(* Let $p$ be a prime and $q=p^2$. Let $1\le s\le q-1$ and let $L\subseteq\{0,1,\ldots,q-1\}$ be an interval in the modulo $q$ sense of size $s$. If $\mathcal{F}\subseteq2^{[n]}$ is a $q$-modular $L$-avoiding $L$-intersecting system, then $$|\mathcal{F}|\le\sum_{i=0}^{2s-1}\binom{n}{i}.$$
   Context: $L\subseteq\{0,\ldots,q-1\}$ is an interval in the modulo $q$ sense of size $s$ if $L$ is the set of residues in $\{0,\ldots,q-1\}$ of $a,a+1,\ldots,a+s-1$ for some integer $a$. For $L\subseteq\{0,\ldots,q-1\}$, $\mathcal{F}\subseteq2^{[n]}$ is $q$-modular $L$-intersecting if for all distinct $A,B\in\mathcal{F}$, $|A\cap B|\equiv\ell\pmod q$ for some $\ell\in L$, and $q$-modular $L$-avoiding if for every $A\in\mathcal{F}$, $|A|\not\equiv\ell\pmod q$ for all $\ell\in L$. *)

theory Defs
  imports Main "HOL-Computational_Algebra.Primes"
begin

definition mod_interval :: "nat \<Rightarrow> nat \<Rightarrow> nat set \<Rightarrow> bool" where
  "mod_interval q s L \<longleftrightarrow> (\<exists>a::int. L = {nat ((a + int j) mod int q) | j. j < s})"

definition modular_L_intersecting :: "nat \<Rightarrow> nat set \<Rightarrow> nat set set \<Rightarrow> bool" where
  "modular_L_intersecting q L F \<longleftrightarrow>
     (\<forall>A\<in>F. \<forall>B\<in>F. A \<noteq> B \<longrightarrow> (\<exists>l\<in>L. card (A \<inter> B) mod q = l mod q))"

definition modular_L_avoiding :: "nat \<Rightarrow> nat set \<Rightarrow> nat set set \<Rightarrow> bool" where
  "modular_L_avoiding q L F \<longleftrightarrow> (\<forall>A\<in>F. \<forall>l\<in>L. \<not> card A mod q = l mod q)"

end

theory Submission
  imports Defs HOL.Rat HOL.Vector_Spaces "HOL-Library.Function_Algebras"
begin

text \<open>Let \<open>L\<close> be the residues of \<open>a, \<dots>, a + s - 1\<close> modulo \<open>p\<^sup>2\<close> and write
  \<open>t = |A \<inter> X| - a\<close>. To each \<open>A \<in> F\<close> attach the function of \<open>X\<close>
  \<open>f\<^sub>A(X) = (\<Prod>j<s. t - j) \<cdot> (\<Prod>j<s, j \<noteq> j\<^sub>A. t - j) / p\<^bsup>e\<^sub>A\<^esup>\<close>,
  a polynomial of degree \<open>2s - 1\<close> in \<open>|A \<inter> X|\<close>, hence a combination of the monomials
  \<open>[S \<subseteq> X]\<close> with \<open>|S| \<le> 2s - 1\<close>. As \<open>|A|\<close> avoids \<open>L\<close>, no factor of \<open>f\<^sub>A(A)\<close> is
  divisible by \<open>p\<^sup>2\<close>, so with \<open>e\<^sub>A\<close> the exact power of \<open>p\<close> the value \<open>f\<^sub>A(A)\<close> is an integer
  prime to \<open>p\<close>. For \<open>B \<noteq> A\<close> some factor of \<open>f\<^sub>A(B)\<close> is divisible by \<open>p\<^sup>2\<close>; since any \<open>s\<close>
  consecutive integers contain \<open>\<lfloor>s/p\<rfloor>\<close> or \<open>\<lfloor>s/p\<rfloor> + 1\<close> multiples of \<open>p\<close>, this forces
  \<open>p\<close> to divide the integer \<open>f\<^sub>A(B)\<close>. So the matrix \<open>(f\<^sub>A(B))\<close> is diagonal and invertible
  modulo \<open>p\<close>, the \<open>f\<^sub>A\<close> are linearly independent over \<open>\<rat>\<close>, and \<open>|F|\<close> is at most the
  number of monomials.\<close>

definition fscale :: "rat \<Rightarrow> ('a \<Rightarrow> rat) \<Rightarrow> 'a \<Rightarrow> rat" where
  "fscale c f = (\<lambda>x. c * f x)"

interpretation fv: vector_space fscale
  by unfold_locales (auto simp: fscale_def fun_eq_iff algebra_simps)

lemma sum_fun_apply: "(\<Sum>i\<in>I. f i) x = (\<Sum>i\<in>I. f i x)"
  by (induction I rule: infinite_finite_induct) auto

section \<open>Multilinear polynomials in the characteristic vector\<close>

definition monomial :: "'a set \<Rightarrow> 'a set \<Rightarrow> rat" where
  "monomial S X = (if S \<subseteq> X then 1 else 0)"

definition monomial_span :: "'a set \<Rightarrow> nat \<Rightarrow> ('a set \<Rightarrow> rat) set" where
  "monomial_span A d = fv.span (monomial ` {S. S \<subseteq> A \<and> card S \<le> d})"

lemma monomial_in_monomial_span: "S \<subseteq> A \<Longrightarrow> card S \<le> d \<Longrightarrow> monomial S \<in> monomial_span A d"
  unfolding monomial_span_def by (intro fv.span_base imageI) simp

lemma monomial_times_card_inter:
  assumes "finite A" "S \<subseteq> A" "card S \<le> d"
  shows "(\<lambda>X. monomial S X * (of_nat (card (A \<inter> X)) - c)) \<in> monomial_span A (Suc d)"
proof -
  have "(\<lambda>X. monomial S X * (of_nat (card (A \<inter> X)) - c)) =
      (\<Sum>i\<in>A. monomial (insert i S)) + fscale (- c) (monomial S)"
  proof
    fix X
    have "of_nat (card (A \<inter> X)) = (\<Sum>i\<in>A. (if i \<in> X then 1 else 0 :: rat))"
      using assms(1) by (simp add: sum.If_cases Int_commute)
    then have "monomial S X * of_nat (card (A \<inter> X)) = (\<Sum>i\<in>A. monomial S X * (if i \<in> X then 1 else 0))"
      by (simp add: sum_distrib_left)
    also have "\<dots> = (\<Sum>i\<in>A. monomial (insert i S) X)"
      by (rule sum.cong) (auto simp: monomial_def)
    finally show "monomial S X * (of_nat (card (A \<inter> X)) - c) =
        ((\<Sum>i\<in>A. monomial (insert i S)) + fscale (- c) (monomial S)) X"
      by (simp add: sum_fun_apply fscale_def algebra_simps)
  qed
  moreover have "card (insert i S) \<le> Suc d" for i
    using assms(3) by (intro card_insert_le_m1) simp_all
  then have "(\<Sum>i\<in>A. monomial (insert i S)) \<in> monomial_span A (Suc d)"
    unfolding monomial_span_def using assms
    by (intro fv.span_sum monomial_in_monomial_span[unfolded monomial_span_def]) auto
  moreover have "fscale (- c) (monomial S) \<in> monomial_span A (Suc d)"
    unfolding monomial_span_def using assms
    by (intro fv.span_scale monomial_in_monomial_span[unfolded monomial_span_def]) auto
  ultimately show ?thesis
    unfolding monomial_span_def by (simp only: fv.span_add)
qed

lemma times_card_inter_in_monomial_span:
  assumes "finite A" "g \<in> monomial_span A d"
  shows "(\<lambda>X. g X * (of_nat (card (A \<inter> X)) - c)) \<in> monomial_span A (Suc d)"
  using assms(2) unfolding monomial_span_def
proof (induction rule: fv.span_induct_alt)
  case base
  then show ?case by (simp add: fv.span_zero[unfolded zero_fun_def])
next
  case (step e x y)
  then obtain S where S: "x = monomial S" "S \<subseteq> A" "card S \<le> d" by auto
  have "(\<lambda>X. (fscale e x + y) X * (of_nat (card (A \<inter> X)) - c)) =
      fscale e (\<lambda>X. monomial S X * (of_nat (card (A \<inter> X)) - c)) +
      (\<lambda>X. y X * (of_nat (card (A \<inter> X)) - c))"
    by (auto simp: fun_eq_iff fscale_def S algebra_simps)
  then show ?case
    using monomial_times_card_inter[OF assms(1) S(2,3), of c] step(2)
    unfolding monomial_span_def by (simp add: fv.span_add fv.span_scale)
qed

lemma times_prod_card_inter_in_monomial_span:
  assumes "finite A" "finite J" "g \<in> monomial_span A d"
  shows "(\<lambda>X. g X * (\<Prod>j\<in>J. of_nat (card (A \<inter> X)) - c j)) \<in> monomial_span A (d + card J)"
  using assms(2)
proof (induction J rule: finite_induct)
  case empty
  then show ?case using assms(3) by simp
next
  case (insert j J)
  then show ?case
    using times_card_inter_in_monomial_span[OF assms(1) insert(3), of "c j"]
    by (simp add: mult_ac)
qed

lemma card_subsets_card_le:
  assumes "finite U"
  shows "card {S. S \<subseteq> U \<and> card S \<le> d} = (\<Sum>i = 0..d. card U choose i)"
proof -
  have "{S. S \<subseteq> U \<and> card S \<le> d} = (\<Union>i\<in>{0..d}. {S. S \<subseteq> U \<and> card S = i})"
    by auto
  moreover have "card (\<Union>i\<in>{0..d}. {S. S \<subseteq> U \<and> card S = i}) =
      (\<Sum>i = 0..d. card {S. S \<subseteq> U \<and> card S = i})"
    using assms by (intro card_UN_disjoint) auto
  ultimately show ?thesis using assms by (simp add: n_subsets)
qed

lemma monomial_span_mono: "A \<subseteq> U \<Longrightarrow> monomial_span A d \<subseteq> monomial_span U d"
  unfolding monomial_span_def by (intro fv.span_mono image_mono) auto

lemma card_le_sum_choose_if_independent_in_monomial_span:
  assumes "inj_on f F" "fv.independent (f ` F)"
    and "\<And>A. A \<in> F \<Longrightarrow> A \<subseteq> U \<and> f A \<in> monomial_span A d" "finite U"
  shows "card F \<le> (\<Sum>i = 0..d. card U choose i)"
proof -
  let ?S = "{S. S \<subseteq> U \<and> card S \<le> d}"
  have fin: "finite ?S" using assms(4) by simp
  have "f ` F \<subseteq> monomial_span U d"
  proof (rule image_subsetI)
    fix A assume "A \<in> F"
    then show "f A \<in> monomial_span U d"
      using assms(3) monomial_span_mono by (meson subsetD)
  qed
  then have "card (f ` F) \<le> card (monomial ` ?S)"
    using fv.independent_span_bound[OF finite_imageI[OF fin] assms(2)]
    unfolding monomial_span_def by simp
  also have "\<dots> \<le> card ?S"
    using fin by (rule card_image_le)
  finally show ?thesis
    using assms(1,4) by (simp add: card_image card_subsets_card_le)
qed
lemma three_term_backward_pos:
  fixes D a b c :: "nat \<Rightarrow> real"
  assumes rec: "\<And>k. k < n \<Longrightarrow> a k * D k = b k * D (Suc k) + c k * D (Suc (Suc k))"
    and a: "\<And>k. k < n \<Longrightarrow> a k > 0"
    and b: "\<And>k. k < n \<Longrightarrow> b k > 0"
    and c: "\<And>k. Suc k < n \<Longrightarrow> c k \<ge> 0"
    and top: "D n > 0" "D (Suc n) = 0"
    and "k \<le> n"
  shows "D k > 0"
  using \<open>k \<le> n\<close>
proof (induction k rule: nat_descend_induct[where n = n])
  case (descend k)
  show ?case
  proof (cases "k = n")
    case False
    with descend.prems have "k < n" by simp
    have "D (Suc k) > 0" using descend.IH \<open>k < n\<close> by simp
    moreover have "c k * D (Suc (Suc k)) \<ge> 0"
    proof (cases "Suc k < n")
      case True
      thus ?thesis using descend.IH c[OF True] by (simp add: less_imp_le)
    next
      case False
      with \<open>k < n\<close> have "Suc k = n" by simp
      thus ?thesis using top by simp
    qed
    ultimately have "a k * D k > 0"
      using rec[OF \<open>k < n\<close>] b[OF \<open>k < n\<close>] by (simp add: add_pos_nonneg)
    thus ?thesis using a[OF \<open>k < n\<close>] by (simp add: zero_less_mult_iff)
  qed (use top in simp)
qed simp

lemma three_term_backward_parity:
  fixes D a c :: "nat \<Rightarrow> real"
  assumes rec: "\<And>k. k < n \<Longrightarrow> a k * D k = c k * D (Suc (Suc k))"
    and a: "\<And>k. k < n \<Longrightarrow> a k > 0"
    and c: "\<And>k. Suc k < n \<Longrightarrow> c k > 0"
    and top: "D n > 0" "D (Suc n) = 0"
    and "k \<le> n"
  shows "(even (n - k) \<longrightarrow> D k > 0) \<and> (odd (n - k) \<longrightarrow> D k = 0)"
  using \<open>k \<le> n\<close>
proof (induction k rule: nat_descend_induct[where n = n])
  case (descend k)
  show ?case
  proof (cases "k = n")
    case False
    with descend.prems have "k < n" by simp
    define q where "q = c k / a k"
    have q: "D k = q * D (Suc (Suc k))" "Suc k < n \<Longrightarrow> q > 0"
      using rec[OF \<open>k < n\<close>] a[OF \<open>k < n\<close>] c unfolding q_def by (simp_all add: field_simps)
    show ?thesis
    proof (cases "Suc k < n")
      case True
      hence "n - k = Suc (Suc (n - Suc (Suc k)))" by simp
      hence "even (n - k) = even (n - Suc (Suc k))" by simp
      thus ?thesis
        using descend.IH[of "Suc (Suc k)"] True q by (auto intro: mult_pos_pos)
    next
      case False
      with \<open>k < n\<close> have "n - k = 1" "Suc (Suc k) = Suc n" by simp_all
      thus ?thesis using top q by simp
    qed
  qed (use top in simp)
qed simp

lemma three_term_backward_zero:
  fixes D a c :: "nat \<Rightarrow> real"
  assumes rec: "\<And>k. k < n \<Longrightarrow> a k * D k = c k * D (Suc (Suc k))"
    and a: "\<And>k. k < n \<Longrightarrow> a k > 0"
    and c: "\<And>k. Suc (Suc k) = n \<Longrightarrow> c k = 0"
    and top: "D (Suc n) = 0"
    and "k < n"
  shows "D k = 0"
  using \<open>k < n\<close>
proof (induction k rule: nat_descend_induct[where n = n])
  case (descend k)
  have "c k * D (Suc (Suc k)) = 0"
  proof (cases "Suc (Suc k)" n rule: linorder_cases)
    case less
    thus ?thesis using descend.IH by simp
  next
    case greater
    with descend.prems have "Suc (Suc k) = Suc n" by simp
    thus ?thesis using top by simp
  qed (simp add: c)
  hence "a k * D k = 0" using rec[OF descend.prems] by simp
  thus ?case using a[OF descend.prems] by simp
qed simp

definition jacobi_cheb_term :: "real \<Rightarrow> real \<Rightarrow> nat \<Rightarrow> nat \<Rightarrow> real" where
  "jacobi_cheb_term \<alpha> \<beta> n i =
     pochhammer (real n + \<alpha> + \<beta> + 1) i * pochhammer (real i + \<alpha> + 1) (n - i)
     * pochhammer (1/2) i / fact (n - i)"

text \<open>The range \<open>j < Suc n - k\<close> is empty for \<open>k > n\<close>, so the sum vanishes there; this way the
  three-term recurrence below holds for every \<open>k\<close>, with \<open>d\<^sub>n\<^sub>+\<^sub>1 = 0\<close> built in.\<close>

definition jacobi_cheb_sum :: "real \<Rightarrow> real \<Rightarrow> nat \<Rightarrow> nat \<Rightarrow> real" where
  "jacobi_cheb_sum \<alpha> \<beta> n k =
     (\<Sum>j<Suc n - k. (-1)^j * jacobi_cheb_term \<alpha> \<beta> n (k + j) / (fact (2*k + j) * fact j))"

· · · · ·

> Activity
In the listing above, find the line containing "then obtain S" and the line containing "using monomial_times_card_inter[OF assms(1)", then quote both, plus every line between them, exactly as written.

> Expected answer
  then obtain S where S: "x = monomial S" "S \<subseteq> A" "card S \<le> d" by auto
  have "(\<lambda>X. (fscale e x + y) X * (of_nat (card (A \<inter> X)) - c)) =
      fscale e (\<lambda>X. monomial S X * (of_nat (card (A \<inter> X)) - c)) +
      (\<lambda>X. y X * (of_nat (card (A \<inter> X)) - c))"
    by (auto simp: fun_eq_iff fscale_def S algebra_simps)
  then show ?case
    using monomial_times_card_inter[OF assms(1) S(2,3), of c] step(2)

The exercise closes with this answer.